## Aim of the exercise
This exercise calls for every line of the listing below that contains the word "length".

## Data shown

********************

lemma dyadic_cell_word:
  "k < 2 ^ n \<Longrightarrow> \<exists>w. set w \<subseteq> {1,2} \<and> length w = n \<and> SG_Fw w 0 = of_nat k / 2 ^ n"
proof (induction n arbitrary: k)
  case 0
  then show ?case by (intro exI[of _ "[]"]) simp
next
  case (Suc n)
  show ?case
  proof (cases "k < 2 ^ n")
    case True
    then obtain w where w: "set w \<subseteq> {1,2}" "length w = n" "SG_Fw w 0 = of_nat k / 2 ^ n"
      using Suc.IH by blast
    then have "SG_Fw (1 # w) 0 = of_nat k / 2 ^ Suc n"
      by (simp add: SG_F_def)
    with w show ?thesis
      by (intro exI[of _ "1 # w"]) simp
  next
    case False
    with Suc.prems have "k - 2 ^ n < 2 ^ n"
      by simp
    then obtain w where w: "set w \<subseteq> {1,2}" "length w = n"
        "SG_Fw w 0 = of_nat (k - 2 ^ n) / 2 ^ n"
      using Suc.IH by blast
    then have "SG_Fw (2 # w) 0 = of_nat k / 2 ^ Suc n"
      using False by (simp add: SG_F_def of_nat_diff field_simps)
    with w show ?thesis
      by (intro exI[of _ "2 # w"]) simp
  qed
qed

lemma dyadic_mem_SG_vertices:
  assumes "k \<le> 2 ^ n"
  shows "complex_of_real (real k / 2 ^ n) \<in> SG_vertices"
proof (cases "k < 2 ^ n")
  case True
  then obtain w where w: "set w \<subseteq> {1,2}" "SG_Fw w 0 = of_nat k / 2 ^ n"
    using dyadic_cell_word by blast
  then have "SG_Fw w (SG_p 1) \<in> SG_vertices"
    by (intro SG_verticesI) auto
  with w(2) show ?thesis
    by simp
next
  case False
  with assms have "k = 2 ^ n"
    by simp
  moreover have "SG_Fw [] (SG_p 2) \<in> SG_vertices"
    by (intro SG_verticesI) auto
  ultimately show ?thesis
    by simp
qed

lemma unit_interval_subset_SG_K: "t \<in> {0..1} \<Longrightarrow> complex_of_real t \<in> SG_K"
  unfolding SG_K_eq_closure_vertices closure_sequential
proof (intro exI conjI allI)
  assume t: "t \<in> {0..1}"
  show "complex_of_real (dyadic_floor n t) \<in> SG_vertices" for n
    unfolding dyadic_floor_def using t dyadic_floor_numerator_le[of t n]
    by (intro dyadic_mem_SG_vertices) auto
  show "(\<lambda>n. complex_of_real (dyadic_floor n t)) \<longlonglongrightarrow> complex_of_real t"
    using t by (intro tendsto_of_real tendsto_dyadic_floor) simp
qed

section \<open>Harmonic extension\<close>

lemma SG_harmonic_snoc:
  assumes "SG_harmonic f" "set w \<subseteq> {0,1,2}" "{i,j,k} = {0,1,2::nat}"
  shows "f (SG_Fw (w @ [i]) (SG_p j)) =
    (2 * f (SG_Fw w (SG_p i)) + 2 * f (SG_Fw w (SG_p j)) + f (SG_Fw w (SG_p k))) / 5"
  using assms unfolding SG_harmonic_def SG_Fw_snoc_vertex by blast

definition SG_cell_values :: "(complex \<Rightarrow> real) \<Rightarrow> nat list \<Rightarrow> real \<times> real \<times> real" where
  "SG_cell_values f w = (f (SG_Fw w (SG_p 0)), f (SG_Fw w (SG_p 1)), f (SG_Fw w (SG_p 2)))"

(* Kigami's harmonic extension matrices A_0, A_1, A_2, read off from the midpoint rule. *)
definition SG_harmonic_ext :: "nat \<Rightarrow> real \<times> real \<times> real \<Rightarrow> real \<times> real \<times> real" where
  "SG_harmonic_ext i = (\<lambda>(a, b, c).
     if i = 0 then (a, (2*a + 2*b + c) / 5, (2*a + b + 2*c) / 5)
     else if i = 1 then ((2*a + 2*b + c) / 5, b, (a + 2*b + 2*c) / 5)
     else ((2*a + b + 2*c) / 5, (a + 2*b + 2*c) / 5, c))"

lemma SG_cell_values_snoc:
  assumes "SG_harmonic f" "set w \<subseteq> {0,1,2}" "i \<in> {0,1,2}"
  shows "SG_cell_values f (w @ [i]) = SG_harmonic_ext i (SG_cell_values f w)"
proof -
  have fixed: "SG_Fw (w @ [i]) (SG_p i) = SG_Fw w (SG_p i)"
    by (simp add: SG_Fw_snoc SG_F_fixpoint)
  note mid = SG_harmonic_snoc[OF assms(1,2)]
  from assms(3) consider "i = 0" | "i = 1" | "i = 2"
    by blast
  then show ?thesis
  proof cases
    case 1
    then show ?thesis
      using fixed mid[of 0 1 2] mid[of 0 2 1]
      by (simp add: SG_cell_values_def SG_harmonic_ext_def insert_commute)
  next
    case 2
    then show ?thesis
      using fixed mid[of 1 0 2] mid[of 1 2 0]
      by (simp add: SG_cell_values_def SG_harmonic_ext_def insert_commute)
  next
    case 3
    then show ?thesis
      using fixed mid[of 2 0 1] mid[of 2 1 0]
      by (simp add: SG_cell_values_def SG_harmonic_ext_def insert_commute)
  qed
qed

lemma SG_cell_values_invariant:
  assumes "SG_harmonic f" "A \<subseteq> {0,1,2}" "set w \<subseteq> A"
    and "P (SG_cell_values f [])"
    and "\<And>i v. i \<in> A \<Longrightarrow> P v \<Longrightarrow> P (SG_harmonic_ext i v)"
  shows "P (SG_cell_values f w)"
  using assms(3)
proof (induction w rule: rev_induct)
  case (snoc i w)
  then have "P (SG_harmonic_ext i (SG_cell_values f w))"
    using assms(5) by simp
  moreover have "SG_cell_values f (w @ [i]) = SG_harmonic_ext i (SG_cell_values f w)"
    using snoc.prems assms(2) by (intro SG_cell_values_snoc[OF assms(1)]) auto
  ultimately show ?case
    by simp
qed (use assms(4) in simp)

lemma SG_cell_values_replicate:
  assumes "SG_harmonic f" "i \<in> {0,1,2}"
  shows "SG_cell_values f (replicate n i) = (SG_harmonic_ext i ^^ n) (SG_cell_values f [])"
proof (induction n)
  case (Suc n)
  have "SG_cell_values f (replicate n i @ [i]) =
      SG_harmonic_ext i (SG_cell_values f (replicate n i))"
    using assms by (intro SG_cell_values_snoc) auto
  then show ?case
    by (simp add: Suc replicate_append_same)
qed simp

********************

## Final answer
  "k < 2 ^ n \<Longrightarrow> \<exists>w. set w \<subseteq> {1,2} \<and> length w = n \<and> SG_Fw w 0 = of_nat k / 2 ^ n"
    then obtain w where w: "set w \<subseteq> {1,2}" "length w = n" "SG_Fw w 0 = of_nat k / 2 ^ n"
    then obtain w where w: "set w \<subseteq> {1,2}" "length w = n"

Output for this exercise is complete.